##### Source data #####
lemma boltz_weight_summable_on:
  assumes "summable (\<lambda>k. exp (- \<beta> * \<epsilon> k))"
  shows "boltz_weight \<beta> \<epsilon> summable_on occ_configs N"
proof -
  define L where "L = {..<N} \<rightarrow>\<^sub>E (UNIV :: nat set)"
  define G where "G = inv_into L (occ_of_labels N)"
  have sub: "occ_configs N \<subseteq> occ_of_labels N ` L"
    unfolding L_def by (rule occ_configs_subset_occ_of_labels)
  have "(\<lambda>g. boltz_weight \<beta> \<epsilon> (occ_of_labels N g)) summable_on L"
    unfolding boltz_weight_occ_of_labels L_def using assms
    by (intro prod_summable_on_PiE) auto
  then have "(\<lambda>g. boltz_weight \<beta> \<epsilon> (occ_of_labels N g)) summable_on G ` occ_configs N"
    by (rule summable_on_subset_banach) (use sub in \<open>auto simp: G_def inv_into_into\<close>)
  then have "(\<lambda>n. boltz_weight \<beta> \<epsilon> (occ_of_labels N (G n))) summable_on occ_configs N"
    using summable_on_reindex[OF inj_on_inv_into[OF sub],
        of "\<lambda>g. boltz_weight \<beta> \<epsilon> (occ_of_labels N g)"]
    by (simp add: G_def o_def)
  moreover have "boltz_weight \<beta> \<epsilon> (occ_of_labels N (G n)) = boltz_weight \<beta> \<epsilon> n"
    if "n \<in> occ_configs N" for n
    using sub that by (auto simp: G_def f_inv_into_f)
  ultimately show ?thesis
    by (metis (no_types, lifting) summable_on_cong)
qed

lemma occ_boltz_weight_summable_on:
  assumes "summable (\<lambda>k. exp (- \<beta> * \<epsilon> k))"
  shows "(\<lambda>n. real (n k) * boltz_weight \<beta> \<epsilon> n) summable_on occ_configs N"
proof (rule summable_on_comparison_test)
  show "(\<lambda>n. real N * boltz_weight \<beta> \<epsilon> n) summable_on occ_configs N"
    using boltz_weight_summable_on[OF assms] by (rule summable_on_cmult_right)
  show "real (n k) * boltz_weight \<beta> \<epsilon> n \<le> real N * boltz_weight \<beta> \<epsilon> n"
    if "n \<in> occ_configs N" for n
    using occ_le_total[OF that, of k] boltz_weight_pos[of \<beta> \<epsilon> n] by simp
qed (simp add: boltz_weight_pos less_imp_le)

lemma canon_Z_pos:
  assumes "summable (\<lambda>k. exp (- \<beta> * \<epsilon> k))"
  shows "0 < canon_Z \<beta> \<epsilon> N"
  unfolding canon_Z_def
  by (rule has_sum_strict_mono[OF has_sum_0 has_sum_infsum[OF boltz_weight_summable_on[OF assms]]
        _ occ_of_labels_in_occ_configs[of N "\<lambda>_. 0"]])
    (auto simp: boltz_weight_pos less_imp_le)

lemma occ_support_comp: "occ_support (n \<circ> p) = p -` occ_support n"
  by (auto simp: occ_support_def)

lemma sum_occ_support_comp_bij:
  assumes "bij p"
  shows "(\<Sum>k\<in>occ_support (n \<circ> p). F (p k)) = sum F (occ_support n)"
proof -
  have "bij_betw p (p -` occ_support n) (occ_support n)"
    using assms by (auto simp: bij_betw_def bij_def inj_on_def)
  then show ?thesis
    unfolding occ_support_comp by (rule sum.reindex_bij_betw)
qed

lemma comp_bij_in_occ_configs:
  assumes "bij p" "n \<in> occ_configs N"
  shows "n \<circ> p \<in> occ_configs N"
  using assms sum_occ_support_comp_bij[OF assms(1), of n n]
  by (auto simp: occ_configs_def occ_support_comp bij_def intro: finite_vimageI)

lemma bij_betw_comp_occ_configs:
  assumes "bij p"
  shows "bij_betw (\<lambda>n. n \<circ> p) (occ_configs N) (occ_configs N)"
proof (rule bij_betw_byWitness[where f' = "\<lambda>n. n \<circ> inv p"])
  show "(\<lambda>n. n \<circ> p) ` occ_configs N \<subseteq> occ_configs N"
    using assms by (auto intro: comp_bij_in_occ_configs)
  show "(\<lambda>n. n \<circ> inv p) ` occ_configs N \<subseteq> occ_configs N"
    using assms by (auto intro: comp_bij_in_occ_configs bij_imp_bij_inv)
qed (use assms in \<open>auto simp: comp_assoc inv_o_cancel bij_is_inj
      bij_is_surj[THEN surj_iff[THEN iffD1]]\<close>)

lemma boltz_weight_comp_bij:
  assumes "bij p"
  shows "boltz_weight \<beta> \<epsilon> (n \<circ> p) = boltz_weight \<beta> (\<epsilon> \<circ> inv p) n"
  using sum_occ_support_comp_bij[OF assms, of "\<lambda>k. \<epsilon> (inv p k) * real (n k)" n] assms
  by (simp add: boltz_weight_def bij_is_inj)

lemma sum_transpose_mult:
  fixes a b :: "'a \<Rightarrow> 'b :: comm_ring_1"
  assumes "finite T" "i \<in> T" "j \<in> T"
  shows "(\<Sum>k\<in>T. a (Transposition.transpose i j k) * b k)
       = (\<Sum>k\<in>T. a k * b k) + (a j - a i) * (b i - b j)"
proof (cases "i = j")
  case False
  have rest: "(\<Sum>k\<in>T - {i, j}. a (Transposition.transpose i j k) * b k)
      = (\<Sum>k\<in>T - {i, j}. a k * b k)"
    by (rule sum.cong) auto
  have split: "sum f T = f i + f j + sum f (T - {i, j})" for f :: "'a \<Rightarrow> 'b"
  proof -
    have "sum f T = f i + sum f (T - {i})"
      by (rule sum.remove[OF assms(1,2)])
    also have "sum f (T - {i}) = f j + sum f (T - {i} - {j})"
      using assms False by (intro sum.remove) auto
    also have "T - {i} - {j} = T - {i, j}"
      by auto
    finally show ?thesis
      by (simp add: add.assoc)
  qed
  show ?thesis
    unfolding split[of "\<lambda>k. a (Transposition.transpose i j k) * b k"]
      split[of "\<lambda>k. a k * b k"] rest
    using False by (simp add: algebra_simps)
qed simp

lemma boltz_weight_comp_transpose:
  assumes "finite (occ_support n)"
  shows "boltz_weight \<beta> \<epsilon> (n \<circ> Transposition.transpose i j)
       = boltz_weight \<beta> \<epsilon> n * exp (- \<beta> * (\<epsilon> j - \<epsilon> i) * (real (n i) - real (n j)))"
proof -
  define T where "T = occ_support n \<union> {i, j}"
  have T: "finite T" "occ_support n \<subseteq> T" "i \<in> T" "j \<in> T"
    using assms by (auto simp: T_def)
  have energy: "(\<Sum>k\<in>T. (\<epsilon> \<circ> Transposition.transpose i j) k * real (n k))
      = (\<Sum>k\<in>T. \<epsilon> k * real (n k)) + (\<epsilon> j - \<epsilon> i) * (real (n i) - real (n j))"
    using sum_transpose_mult[OF T(1,3,4), of \<epsilon> "\<lambda>k. real (n k)"] by simp
  show ?thesis
    unfolding boltz_weight_comp_bij[OF bij_transpose] inv_transpose_eq
      boltz_weight_superset[OF T(1,2)] energy
    by (simp add: algebra_simps flip: exp_add)
qed

lemma mult_one_minus_exp_nonneg:
  fixes c t :: real
  assumes "0 < c"
  shows "0 \<le> t * (1 - exp (- c * t))"
proof (cases "0 \<le> t")
  case True
  then have "exp (- c * t) \<le> 1"
    using assms by simp
  then show ?thesis
    using True by simp
next
  case False
  then have "1 \<le> exp (- c * t)"
    using assms by (simp add: mult_pos_neg less_imp_le)
  then show ?thesis
    using False by (simp add: mult_nonpos_nonpos)
qed

lemma occ_moment_less:
  fixes \<epsilon> :: "nat \<Rightarrow> real"
  assumes "0 < \<beta>" "summable (\<lambda>k. exp (- \<beta> * \<epsilon> k))" "1 \<le> N" "\<epsilon> i < \<epsilon> j"
  shows "(\<Sum>\<^sub>\<infinity>n\<in>occ_configs N. real (n j) * boltz_weight \<beta> \<epsilon> n)
       < (\<Sum>\<^sub>\<infinity>n\<in>occ_configs N. real (n i) * boltz_weight \<beta> \<epsilon> n)"
    (is "?b < ?a")
proof -
  define \<tau> where "\<tau> = Transposition.transpose i j"
  define f where "f n = (real (n i) - real (n j)) * boltz_weight \<beta> \<epsilon> n" for n :: "nat \<Rightarrow> nat"
  have "((\<lambda>n. real (n i) * boltz_weight \<beta> \<epsilon> n + - (real (n j) * boltz_weight \<beta> \<epsilon> n))
      has_sum (?a + - ?b)) (occ_configs N)"
    by (intro has_sum_add has_sum_uminusI has_sum_infsum occ_boltz_weight_summable_on assms(2))
  then have "(f has_sum (?a - ?b)) (occ_configs N)"
    by (simp add: f_def[abs_def] left_diff_distrib)
  moreover from this have "((\<lambda>n. f (n \<circ> \<tau>)) has_sum (?a - ?b)) (occ_configs N)"
    using has_sum_reindex_bij_betw[OF bij_betw_comp_occ_configs[OF bij_transpose], of f]
    by (simp add: \<tau>_def)
  ultimately have sum_pairs:
    "((\<lambda>n. f n + f (n \<circ> \<tau>)) has_sum (?a - ?b) + (?a - ?b)) (occ_configs N)"
    by (rule has_sum_add)
  have pair: "f n + f (n \<circ> \<tau>) = (real (n i) - real (n j))
      * (1 - exp (- (\<beta> * (\<epsilon> j - \<epsilon> i)) * (real (n i) - real (n j))))
      * boltz_weight \<beta> \<epsilon> n"
    if "n \<in> occ_configs N" for n
    using that boltz_weight_comp_transpose[of n \<beta> \<epsilon> i j]
    by (simp add: f_def \<tau>_def occ_configs_def algebra_simps)
  have pair_nonneg: "0 \<le> f n + f (n \<circ> \<tau>)" if "n \<in> occ_configs N" for n
    unfolding pair[OF that] using assms(1,4) boltz_weight_pos[of \<beta> \<epsilon> n]
    by (intro mult_nonneg_nonneg mult_one_minus_exp_nonneg) auto
  define e where "e = occ_of_labels N (\<lambda>_. i)"
  have e: "e \<in> occ_configs N" "e i = N" "e j = 0"
    using assms(4) by (auto simp: e_def occ_of_labels_in_occ_configs occ_of_labels_def)
  have "0 < \<beta> * (\<epsilon> j - \<epsilon> i) * real N"
    using assms by simp
  then have "0 < f e + f (e \<circ> \<tau>)"
    unfolding pair[OF e(1)] e(2,3) using assms(3) boltz_weight_pos[of \<beta> \<epsilon> e]
    by (intro mult_pos_pos) auto
  then have "0 < (?a - ?b) + (?a - ?b)"
    using has_sum_strict_mono[OF has_sum_0 sum_pairs pair_nonneg e(1)] by simp
  then show ?thesis
    by simp
qed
#####
◆ Directions ◆
Going over every line of the entries, tally those containing the string "also" and report only the figure.

◆ Written response ◆
2